Native Hawaiians refer to the ancient mythological Menehune people of Polynesia as being kamaʻaina, or "children of the land". While they may simply be mythical, the Menehune are said to have lived throughout the Hawaiian Islands, including Kauaʻi, which they inhabited in large numbers. The Honopu Valley is also known as "the valley of the lost tribe" because it was the home of the last Menehune.

== Travel ==
Honopū Ridge, above the cliffs, can be visited with a few miles' walk. The view along the way includes that of the ocean and the beach of Honopū. There are tour boats that travel along the coast and helicopters offering aerial views of the valley. The Kalalau Trail ends near Honopū Valley.

== Honopū Valley in film ==

Aircraft and boats that are part of Hollywood film productions are the only ones allowed in Honopū Valley. Honopū Valley is perhaps most famous for its appearances in the 1976 remake of King Kong and in the 1998 movie Six Days Seven Nights.

In the 1976 remake of King Kong the beaches and jungles of Kauai, Hawaii stood in for South Pacific. Originally only the jungle scenes were to be shot in Hawaii and the rest on Zuma Beach, California. Producer Dino De Laurentiis, however, was so pleased with Hawaii that he decided to film all the beach scenes at Honopū and Kalalau Valley. The producers and production crew of King Kong were told that Honopū Valley was uninhabited, but on the day that they arrived to start filming, they were shocked to find honeymooners on the beach. Scenes that involved filming in the ocean were hard to film due to the 12-foot-high waves. Most of the crew got seasick and one filming boat almost capsized. Examples of involved scenes are when the party arrive on Skull Island and the nighttime arrival to rescue Dwan; other scenes are the arrival of equipment to capture King Kong and Fred Wilson directing the rescue mission.

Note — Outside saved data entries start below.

lemma sum_bernpoly_coeff_mzeta_rev_eq_0:
  assumes "odd a" "odd b"
  shows "(\<Sum>j\<le>b+1. bernpoly_coeff (b+1) j * mzeta_rev [j, a] 1) = 0"
proof -
  define H where "H = antidiff (bernpoly_coeff (b+1)) (b+1)"
  define w where "w j i = real ((j+1) choose i) * bernpoly (j + 1 - i) 1 / real (j + 1)" for j i
  define e where "e i = (\<Sum>j\<le>b+1. bernpoly_coeff (b+1) j * w j i)" for i
  define g where "g n = (if a \<le> n then e (n - a) else 0)" for n
    \<comment> \<open>the coefficients of \<open>x\<^sup>a H (x + 1)\<close>, see \<open>poly\<close> below\<close>
  have collect: "(\<Sum>j\<le>b+1. bernpoly_coeff (b+1) j * (\<Sum>i\<le>j+1. w j i * h i)) = (\<Sum>i\<le>b+2. e i * h i)"
    for h :: "nat \<Rightarrow> real"
  proof -
    have "(\<Sum>i\<le>j+1. w j i * h i) = (\<Sum>i\<le>b+2. w j i * h i)" if "j \<le> b + 1" for j
      using that by (intro sum.mono_neutral_left) (auto simp: w_def)
    then have "(\<Sum>j\<le>b+1. bernpoly_coeff (b+1) j * (\<Sum>i\<le>j+1. w j i * h i)) =
        (\<Sum>j\<le>b+1. \<Sum>i\<le>b+2. bernpoly_coeff (b+1) j * w j i * h i)"
      by (intro sum.cong refl) (simp only: atMost_iff sum_distrib_left mult.assoc)
    also have "\<dots> = (\<Sum>i\<le>b+2. e i * h i)"
      unfolding e_def sum_distrib_right by (rule sum.swap)
    finally show ?thesis .
  qed
  have mzeta_pair: "mzeta_rev [j, a] 1 = (\<Sum>i\<le>j+1. w j i * (bernpoly (a + i + 1) 1 / real (a + i + 1)))" for j
    unfolding mzeta_rev_Cons_Cons sum_distrib_left w_def
    by (intro sum.cong refl) (simp add: field_simps del: of_nat_Suc)
  have "(\<Sum>j\<le>b+1. bernpoly_coeff (b+1) j * mzeta_rev [j, a] 1) =
      (\<Sum>i\<le>b+2. e i * (bernpoly (a + i + 1) 1 / real (a + i + 1)))"
    by (simp only: mzeta_pair collect)
  also have "\<dots> = antidiff g (a + (b + 2)) 1"
    unfolding antidiff_def g_def
    by (rule sum_atMost_shift[where K="b + 2" and f=e and h="\<lambda>n. bernpoly (n + 1) 1 / real (n + 1)", symmetric])
  also have "\<dots> = 0"
  proof (rule antidiff_1_eq_0)
    have poly: "(\<Sum>n\<le>a + (b + 2). g n * x ^ n) = x ^ a * H (x + 1)" for x
    proof -
      have w_sum: "(\<Sum>i\<le>j+1. w j i * x ^ i) = bernpoly (j + 1) (x + 1) / real (j + 1)" for j
        unfolding w_def bernpoly_add[of "j + 1" 1 x, simplified add.commute[of 1 x]] sum_divide_distrib
        by (intro sum.cong refl) simp
      have "(\<Sum>n\<le>a + (b + 2). g n * x ^ n) = (\<Sum>i\<le>b+2. e i * x ^ (a + i))"
        unfolding g_def by (rule sum_atMost_shift[where K="b + 2" and f=e and h="\<lambda>n. x ^ n"])
      also have "\<dots> = x ^ a * (\<Sum>i\<le>b+2. e i * x ^ i)"
        unfolding power_add sum_distrib_left by (simp only: ac_simps)
      also have "(\<Sum>i\<le>b+2. e i * x ^ i) = (\<Sum>j\<le>b+1. bernpoly_coeff (b+1) j * (\<Sum>i\<le>j+1. w j i * x ^ i))"
        by (rule collect[symmetric])
      also have "\<dots> = H (x + 1)"
        unfolding H_def antidiff_def w_sum ..
      finally show ?thesis .
    qed
    show "(\<Sum>n\<le>a + (b + 2). g n * (- x) ^ n) = (\<Sum>n\<le>a + (b + 2). g n * x ^ n)" for x
      using poly[of "-x"] poly[of x] antidiff_bernpoly_coeff_1_minus[of "b + 1" x] assms
      by (simp add: H_def)
    show "g 0 = 0"
      using \<open>odd a\<close> by (auto simp: g_def)
  qed
  finally show ?thesis .
qed

theorem proposition3p5:
  fixes n1 n2 :: nat
  shows "mzeta [2 * n1 + 1, 0, 2 * n2 + 1] 1 = - mzeta [2 * n1 + 1, 2 * n2 + 1] 1"
  using mzeta_rev_Cons_0_Cons[of "2 * n2 + 1" "[2 * n1 + 1]" 1]
    sum_bernpoly_coeff_mzeta_rev_eq_0[of "2 * n1 + 1" "2 * n2 + 1"]
  by (simp add: mzeta_def)

end
(* Let $0<R_{\rm id}<R_{\rm d}$, and let $\Omega$, $\Gamma_{\rm d}$, $\Gamma_{\rm id}$, $n$, $(\overline u,\overline q)$, $\omega^*$, $v(\omega)$, $\widehat v(\omega)$, $J'(\omega)$, the iteration $\omega_{k+1}=\omega_k-\rho_kJ'(\omega_k)$, $\mu_k=\omega^*-\omega_k$ and $C_j$ be as in the context. If for some $k$ the error has the finite Fourier expansion $\mu_k=\sum_{M\le|j|\le N}a_j^{(k)}e^{ij\theta}$ (integers $N\ge M\ge0$), then $$J'(\omega_k)=-\sum_{M\le|j|\le N}C_ja_j^{(k)}e^{ij\theta}\quad\text{on }\Gamma_{\rm id},$$ and consequently $\mu_{k+1}=\sum_{M\le|j|\le N}a_j^{(k+1)}e^{ij\theta}$ with $$a_j^{(k+1)}=(1-C_j\rho_k)\,a_j^{(k)}\qquad (M\le|j|\le N).$$
   Context: Setting: $0<R_{\rm id}<R_{\rm d}$; $\Omega=\{(x,y): R_{\rm id}^2<x^2+y^2<R_{\rm d}^2\}$ is an annulus with outer boundary $\Gamma_{\rm d}=\{x^2+y^2=R_{\rm d}^2\}$ and inner boundary $\Gamma_{\rm id}=\{x^2+y^2=R_{\rm id}^2\}$; $(r,\theta)$ are polar coordinates; $n$ is the unit outward normal to $\partial\Omega$ (so $\partial/\partial n=\partial/\partial r$ on $\Gamma_{\rm d}$ and $\partial/\partial n=-\partial/\partial r$ on $\Gamma_{\rm id}$). Given Cauchy data $(\overline u,\overline q)$ on $\Gamma_{\rm d}$. For a boundary value $\omega$ on $\Gamma_{\rm id}$, $v(\omega)$ denotes the solution of the primary problem $-\Delta v=0$ in $\Omega$, $\partial v/\partial n=\overline q$ on $\Gamma_{\rm d}$, $v=\omega$ on $\Gamma_{\rm id}$; $\widehat v(\omega)$ denotes the solution of the adjoint problem $-\Delta \widehat v=0$ in $\Omega$, $\partial\widehat v/\partial n=2(v(\omega)-\overline u)$ on $\Gamma_{\rm d}$, $\widehat v=0$ on $\Gamma_{\rm id}$; and $J'(\omega):=-\partial\widehat v(\omega)/\partial n|_{\Gamma_{\rm id}}$. The exact boundary value $\omega^*$ is assumed to exist, i.e. $v(\omega^* )|_{\Gamma_{\rm d}}=\overline u$. Starting from $\omega_0$ and step sizes $\rho_k>0$, the iteration is $\omega_{k+1}=\omega_k-\rho_kJ'(\omega_k)$ (with exact solution of the boundary value problems), and $\mu_k:=\omega^*-\omega_k$. For integers $j$, $$C_j:=\frac{8R_{\rm d}^{2|j|+1}R_{\rm id}^{2|j|-1}}{(R_{\rm id}^{2|j|}+R_{\rm d}^{2|j|})^2}.$$ Functions on $\Gamma_{\rm id}$ may be complex-valued; Fourier expansions are in $e^{ij\theta}$. *)

theory Defs
  imports "HOL-Analysis.Analysis"
begin
lemma mult_square_dvd_sqfree_coprime_pairs:
  fixes n :: nat
  assumes "n > 0"
  shows "{(a, b)\<in>sqfree_coprime_pairs. a * b^2 dvd n}
       = {(a, b)\<in>sqfree_coprime_pairs. prime_factors a \<subseteq> prime_factors n
            \<and> prime_factors b \<subseteq> {p\<in>prime_factors n. p^2 dvd n}}"
proof -
  have "p \<in> prime_factors n" if "prime p" "p^2 dvd n" for p
    using that assms by (auto simp: in_prime_factors_iff intro: dvd_trans[OF dvd_power[of 2 p]])
  then show ?thesis
    using assms
    by (auto simp: sqfree_coprime_pairs_def squarefree_mult_square_dvd_iff in_prime_factors_iff
)
qed

lemma sum_pair_weight_mult_square_dvd:
  fixes n :: nat
  assumes "n > 0"
  shows "(\<Sum>(a, b)\<in>{(a, b)\<in>sqfree_coprime_pairs. a * b^2 dvd n}. pair_weight a b)
       = (\<Prod>p\<in>prime_factors n. 1 - 1 / real p + (if p^2 dvd n then - (1 - 1 / real p) else 0))"
proof -
  define P where "P = prime_factors n"
  define P2 where "P2 = {p\<in>P. p^2 dvd n}"
  have P: "finite P" "\<forall>p\<in>P. prime p" "P2 \<subseteq> P"
    by (auto simp: P_def P2_def)
  have fin: "finite X" "\<forall>p\<in>X. prime p" if "X \<subseteq> P" for X
    using that P finite_subset by auto
  have "(\<Sum>(a, b)\<in>{(a, b)\<in>sqfree_coprime_pairs. a * b^2 dvd n}. pair_weight a b)
      = (\<Sum>B\<in>Pow P2. \<Sum>A\<in>Pow (P - B). pair_weight (\<Prod>A) (\<Prod>B))"
    unfolding mult_square_dvd_sqfree_coprime_pairs[OF assms]
    using sum_sqfree_coprime_pairs_eq_sum_prime_sets[OF P] by (simp add: P_def P2_def)
  also have "\<dots> = (\<Sum>B\<in>Pow P2. \<Sum>A\<in>Pow (P - B).
                    (\<Prod>p\<in>A. - 1 / real p) * (\<Prod>p\<in>B. - (1 - 1 / real p)))"
    using P by (intro sum.cong refl pair_weight_prod_primes) (auto intro: finite_subset[OF _ P(1)])
  also have "\<dots> = (\<Prod>p\<in>P. 1 + - 1 / real p + (if p \<in> P2 then - (1 - 1 / real p) else 0))"
    by (rule sum_disjoint_subsets_prod) (use P in auto)
  finally show ?thesis
    by (simp add: P_def P2_def)
qed

lemma squarefree_totient_eq_sum_pair_weight:
  fixes n :: nat
  assumes "n > 0"
  shows "(if squarefree n then real (totient n) else 0)
         = real n * (\<Sum>(a, b)\<in>{(a, b)\<in>sqfree_coprime_pairs. a * b^2 dvd n}. pair_weight a b)"
proof (cases "squarefree n")
  case True
  have "\<not> p^2 dvd n" if "prime p" for p
    using True that squarefreeD[of n p] by auto
  then have "(\<Prod>p\<in>prime_factors n. 1 - 1 / real p + (if p^2 dvd n then - (1 - 1 / real p) else 0))
      = (\<Prod>p\<in>prime_factors n. 1 - 1 / real p)"
    by (intro prod.cong) (auto dest: in_prime_factors_imp_prime)
  then show ?thesis
    using True assms by (simp add: sum_pair_weight_mult_square_dvd totient_formula2)
next
  case False
  then obtain x where x: "x^2 dvd n" "\<not> x dvd 1"
    by (metis squarefreeI)
  then have "x \<noteq> 1"
    by auto
  then obtain q where q: "prime q" "q dvd x"
    using prime_factor_nat by blast
  then have q2: "q^2 dvd n"
    using x by (meson dvd_power_same dvd_trans)
  then have "q \<in> prime_factors n"
    using q(1) assms dvd_trans[OF _ q2, of q] by (simp add: in_prime_factors_iff)
  with q2 have "(\<Prod>p\<in>prime_factors n. 1 - 1 / real p + (if p^2 dvd n then - (1 - 1 / real p) else 0)) = 0"
    by (intro prod_zero) (auto intro!: bexI[of _ q])
  then show ?thesis
    using False assms by (simp add: sum_pair_weight_mult_square_dvd)
qed
definition Sppm :: "nat \<Rightarrow> nat \<Rightarrow> nat \<Rightarrow> real" where
  "Sppm p1 p2 q = (\<Sum>k. (let n = Suc k in (-1) ^ (n - 1) * H p1 n * H p2 n / real n ^ q))"

definition zetabar :: "nat \<Rightarrow> real" where
  "zetabar s = (\<Sum>k. (let n = Suc k in (-1) ^ (n - 1) / real n ^ s))"

definition T :: "nat \<Rightarrow> nat \<Rightarrow> nat \<Rightarrow> real" where
  "T p1 p2 r = (\<Sum>k. (let n = Suc k in (-1) ^ (n + 1) * H p1 n * H p2 n / real (n + r)))"

end

(*
  Shifting the summation index in T(p1,p2,j+1) and expanding the product with
  H_{n+1}^(p) = H_n^(p) + 1/(n+1)^p gives the recurrence
    T(p1,p2,j+1) = S(p1,p2,1,j,1) + S(p2,p1,1,j,1) - S(0,p1+p2+1,1,j,1) - T(p1,p2,j),
  and unrolling it down to T(p1,p2,0) = S^{+,+,-}_{p1,p2,1} yields the formula, the j = 0
  values of S being S^{+,-}_{p,q+1} and zetabar(p1+p2+1).  The analytic input is convergence:
  H_n^(p) <= 1 + ln n makes every S-series absolutely convergent, and T(p1,p2,0) converges
  because its terms tend to 0 with absolutely summable differences.
*)
theory Submission
  imports Defs "HOL-Analysis.Harmonic_Numbers" "HOL-Real_Asymp.Real_Asymp"
begin

lemma H_0 [simp]: "H p 0 = 0"
  by (simp add: H_def)

lemma H_Suc: "1 \<le> p \<Longrightarrow> H p (Suc n) = H p n + 1 / real (Suc n) ^ p"
  by (simp add: H_def)

lemma H_nonneg: "0 \<le> H p n"
  by (auto simp: H_def intro!: sum_nonneg)

lemma H_le_harm:
  assumes "1 \<le> p"
  shows "H p n \<le> harm n"
  unfolding H_def harm_def using assms
  by (auto simp: divide_inverse intro!: sum_mono le_imp_inverse_le
      intro: order_trans[OF _ power_increasing[of 1 p]])

lemma harm_le_one_plus_ln:
  assumes "1 \<le> n"
  shows "harm n \<le> 1 + ln (real n)"
proof -
  obtain m where n: "n = Suc m"
    using assms by (cases n) auto
  have "harm (Suc m) - ln (real (Suc m)) \<le> harm (Suc 0) - ln (real (Suc 0))"
    using decseq_harm_diff_ln unfolding decseq_def by blast
  moreover have "harm (Suc 0) = (1 :: real)"
    by (simp add: harm_def)
  ultimately show ?thesis
    unfolding n by simp
qed

lemma H_le_one_plus_ln: "1 \<le> p \<Longrightarrow> 1 \<le> n \<Longrightarrow> H p n \<le> 1 + ln (real n)"
  using H_le_harm harm_le_one_plus_ln order_trans by blast

lemma summable_by_ln_square_bound:
  fixes f :: "nat \<Rightarrow> real"
  assumes "\<And>k. \<bar>f k\<bar> \<le> (2 + ln (real (Suc k))) ^ 2 / real (Suc k) ^ 2"
  shows "summable f"
proof (rule summable_comparison_test'[where N = 0])
  show "summable (\<lambda>k. (2 + ln (real (Suc k))) ^ 2 / real (Suc k) ^ 2)"
  proof (rule summable_comparison_test_bigo)
    show "summable (\<lambda>k. norm (real k powr (-3/2)))"
      by (simp add: summable_real_powr_iff)
    show "(\<lambda>k. (2 + ln (real (Suc k))) ^ 2 / real (Suc k) ^ 2) \<in> O(\<lambda>k. real k powr (-3/2))"
      by real_asymp
  qed
qed (use assms in simp)

lemma summable_alternating_bounded_variation:
  fixes b :: "nat \<Rightarrow> real"
  assumes "b \<longlonglongrightarrow> 0" and "summable (\<lambda>n. \<bar>b n - b (Suc n)\<bar>)"
  shows "summable (\<lambda>n. (-1) ^ n * b n)"
proof -
  define e where "e n = (-1) ^ n * b n" for n
  have "summable (\<lambda>n. (-1) ^ n * (b n - b (Suc n)))"
    using assms(2) by (rule summable_comparison_test'[where N = 0]) (simp add: abs_mult)
  moreover have "(\<lambda>n. \<bar>e n\<bar>) \<longlonglongrightarrow> 0"
    using tendsto_rabs_zero[OF assms(1)] by (simp add: e_def abs_mult)
  then have "summable (\<lambda>n. e n - e (Suc n))"
    by (rule telescope_summable'[OF tendsto_rabs_zero_cancel])
  ultimately have "summable (\<lambda>n. ((-1) ^ n * (b n - b (Suc n)) + (e n - e (Suc n))) / 2)"
    by (intro summable_divide summable_add)
  then show ?thesis
    by (simp add: e_def algebra_simps)
qed

lemma abs_product_quotient_increment_le:
  fixes x y a b n :: real
  assumes n: "1 \<le> n" and xy: "0 \<le> x" "0 \<le> y" and ab: "0 \<le> a" "0 \<le> b"
    and small: "(n + 1) * a \<le> 1" "(n + 1) * b \<le> 1"
  shows "\<bar>x * y / n - (x + a) * (y + b) / (n + 1)\<bar> \<le> (x + 1) * (y + 1) / n ^ 2"
proof -
  define num where "num = x * y - n * (x * b + y * a + a * b)"
  have eq: "x * y / n - (x + a) * (y + b) / (n + 1) = num / (n * (n + 1))"
    using n unfolding num_def by (simp add: field_simps)
  have na: "n * a \<le> 1" and nb: "n * b \<le> 1"
    using small ab by (simp_all add: algebra_simps)
  then have "b \<le> 1"
    using mult_right_mono[OF n ab(2)] by simp
  have "n * (x * b) \<le> x" "n * (y * a) \<le> y"
    using mult_left_mono[OF nb xy(1)] mult_left_mono[OF na xy(2)] by (simp_all add: ac_simps)
  moreover have "n * (a * b) \<le> 1"
    using mult_mono[OF na \<open>b \<le> 1\<close>] ab by (simp add: ac_simps)
  moreover have "0 \<le> n * (x * b + y * a + a * b)"
    using n xy ab by simp
  ultimately have "\<bar>num\<bar> \<le> (x + 1) * (y + 1)"
    unfolding num_def using mult_nonneg_nonneg[OF xy] by (simp add: abs_le_iff algebra_simps)
  moreover have "n ^ 2 \<le> n * (n + 1)"
    using n by (simp add: power2_eq_square algebra_simps)
  ultimately show ?thesis
    unfolding eq abs_divide using n xy
    by (intro frac_le) (simp_all add: abs_mult)
qed

definition T_term :: "nat \<Rightarrow> nat \<Rightarrow> nat \<Rightarrow> nat \<Rightarrow> real" where
  "T_term p1 p2 r n = (-1) ^ (n + 1) * H p1 n * H p2 n / real (n + r)"

definition S_term :: "nat \<Rightarrow> nat \<Rightarrow> nat \<Rightarrow> nat \<Rightarrow> nat \<Rightarrow> real" where
  "S_term q m t j n = (-1) ^ (n + 1) * H q n / (real n ^ m * real (n + j) ^ t)"

lemma T_eq_suminf: "T p1 p2 r = (\<Sum>k. T_term p1 p2 r (Suc k))"
  unfolding T_def T_term_def Let_def ..

lemma S_eq_suminf: "S q m t j = (\<Sum>k. S_term q m t j (Suc k))"
  unfolding S_def S_term_def Let_def ..

lemma T_0_eq_Sppm: "T p1 p2 0 = Sppm p1 p2 1"
  unfolding Sppm_def T_def by simp

lemma S_0_eq_Spm: "S p q 1 0 = Spm p (q + 1)"
  unfolding Spm_def S_def by (simp add: field_simps)

lemma S_0_eq_zetabar: "S 0 (q + 1) 1 0 = zetabar (q + 1)"
  unfolding zetabar_def S_def by (simp add: H_def field_simps)

lemma abs_S_term_le:
  assumes "1 \<le> t" "1 \<le> n"
  shows "\<bar>S_term q m t j n\<bar> \<le> H q n / real n ^ Suc m"
proof -
  have "real n \<le> real (n + j) ^ t"
    using power_increasing[OF assms(1), of "real (n + j)"] assms(2) by simp
  from mult_right_mono[OF this, of "real n ^ m"]
  have "real n ^ Suc m \<le> real n ^ m * real (n + j) ^ t"
    by (simp add: ac_simps)
  then show ?thesis
    unfolding S_term_def using assms(2) H_nonneg[of q n]
    by (simp add: abs_mult abs_divide divide_left_mono)
qed

lemma summable_S_term:
  assumes "1 \<le> q" "1 \<le> m" "1 \<le> t"
  shows "summable (\<lambda>k. S_term q m t j (Suc k))"
proof (rule summable_by_ln_square_bound)
  fix k
  define n where "n = Suc k"
  have "\<bar>S_term q m t j n\<bar> \<le> H q n / real n ^ Suc m"
    by (rule abs_S_term_le[OF assms(3)]) (simp add: n_def)
  also have "\<dots> \<le> (2 + ln (real n)) ^ 2 / real n ^ 2"
  proof (rule frac_le)
    have "2 + ln (real n) \<le> (2 + ln (real n)) ^ 2"
      by (rule self_le_power) (simp_all add: n_def)
    then show "H q n \<le> (2 + ln (real n)) ^ 2"
      using H_le_one_plus_ln[OF assms(1), of n] by (simp add: n_def)
    show "real n ^ 2 \<le> real n ^ Suc m"
      using assms(2) by (intro power_increasing) (simp_all add: n_def)
  qed (simp_all add: n_def)
  finally show "\<bar>S_term q m t j (Suc k)\<bar> \<le> (2 + ln (real (Suc k))) ^ 2 / real (Suc k) ^ 2"
    by (simp add: n_def)
qed

lemma summable_S_term_0:
  assumes "2 \<le> m" "1 \<le> t"
  shows "summable (\<lambda>k. S_term 0 m t j (Suc k))"
proof (rule summable_by_ln_square_bound)
  fix k
  define n where "n = Suc k"
  have "\<bar>S_term 0 m t j n\<bar> \<le> H 0 n / real n ^ Suc m"
    by (rule abs_S_term_le[OF assms(2)]) (simp add: n_def)
  also have "\<dots> = 1 / real n ^ m"
    by (simp add: H_def n_def)
  also have "\<dots> \<le> (2 + ln (real n)) ^ 2 / real n ^ 2"
  proof (rule frac_le)
    show "1 \<le> (2 + ln (real n)) ^ 2"
      by (simp add: n_def one_le_power)
    show "real n ^ 2 \<le> real n ^ m"
      using assms(1) by (intro power_increasing) (simp_all add: n_def)
  qed (simp_all add: n_def)
  finally show "\<bar>S_term 0 m t j (Suc k)\<bar> \<le> (2 + ln (real (Suc k))) ^ 2 / real (Suc k) ^ 2"
    by (simp add: n_def)
qed

lemma summable_T_term_0:
  assumes "1 \<le> p1" "1 \<le> p2"
  shows "summable (\<lambda>k. T_term p1 p2 0 (Suc k))"
proof -
  define b where "b k = H p1 (Suc k) * H p2 (Suc k) / real (Suc k)" for k
  have H_le: "H p (Suc k) \<le> 1 + ln (real (Suc k))" if "1 \<le> p" for p k
    by (rule H_le_one_plus_ln[OF that]) simp
  have "b \<longlonglongrightarrow> 0"
  proof (rule tendsto_sandwich)
    show "\<forall>\<^sub>F k in sequentially. 0 \<le> b k"
      by (simp add: b_def H_nonneg)
    show "\<forall>\<^sub>F k in sequentially. b k \<le> (1 + ln (real (Suc k))) ^ 2 / real (Suc k)"
      unfolding b_def power2_eq_square
      by (intro always_eventually allI divide_right_mono mult_mono H_le assms H_nonneg) simp_all
    show "(\<lambda>k. (1 + ln (real (Suc k))) ^ 2 / real (Suc k)) \<longlonglongrightarrow> 0"
      by real_asymp
  qed simp
  moreover have "summable (\<lambda>k. \<bar>b k - b (Suc k)\<bar>)"
  proof (rule summable_by_ln_square_bound)
    fix k
    define n where "n = real (Suc k)"
    have small: "(n + 1) * (1 / real (Suc (Suc k)) ^ p) \<le> 1" if "1 \<le> p" for p
      using self_le_power[of "real (Suc (Suc k))" p] that by (simp add: n_def field_simps)
    have bk: "b k = H p1 (Suc k) * H p2 (Suc k) / n"
      by (simp add: b_def n_def)
    have bSk: "b (Suc k) = (H p1 (Suc k) + 1 / real (Suc (Suc k)) ^ p1)
        * (H p2 (Suc k) + 1 / real (Suc (Suc k)) ^ p2) / (n + 1)"
      unfolding b_def H_Suc[OF assms(1), of "Suc k"] H_Suc[OF assms(2), of "Suc k"] n_def
      by simp
    have "\<bar>b k - b (Suc k)\<bar> \<le> (H p1 (Suc k) + 1) * (H p2 (Suc k) + 1) / n ^ 2"
      unfolding bk bSk
      by (rule abs_product_quotient_increment_le[OF _ H_nonneg H_nonneg _ _
            small[OF assms(1)] small[OF assms(2)]]) (simp_all add: n_def)
    also have "\<dots> \<le> (2 + ln n) ^ 2 / n ^ 2"
      unfolding power2_eq_square n_def
      using H_le[OF assms(1)] H_le[OF assms(2)]
      by (intro divide_right_mono mult_mono) (simp_all add: add_nonneg_nonneg H_nonneg)
    finally show "\<bar>\<bar>b k - b (Suc k)\<bar>\<bar> \<le> (2 + ln (real (Suc k))) ^ 2 / real (Suc k) ^ 2"
      by (simp add: n_def)
  qed
  ultimately have "summable (\<lambda>k. (-1) ^ k * b k)"
    by (rule summable_alternating_bounded_variation)
  then show ?thesis
    by (simp add: T_term_def b_def mult.assoc)
qed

For the film Six Days Seven Nights, Hawaii stood in for French Polynesia. Among the scenes filmed on Honopū Beach is the one in which Harrison Ford runs from pirates. The arch is also included in the film.

Other Hollywood movies filmed in Honopū Valley include Honeymoon in Vegas, Acapulco Gold, and Raiders of the Lost Ark.
More recently the beach and surrounding scenery were used as location for the fourth in the Pirates of the Caribbean series of movies, On Stranger Tides (2011).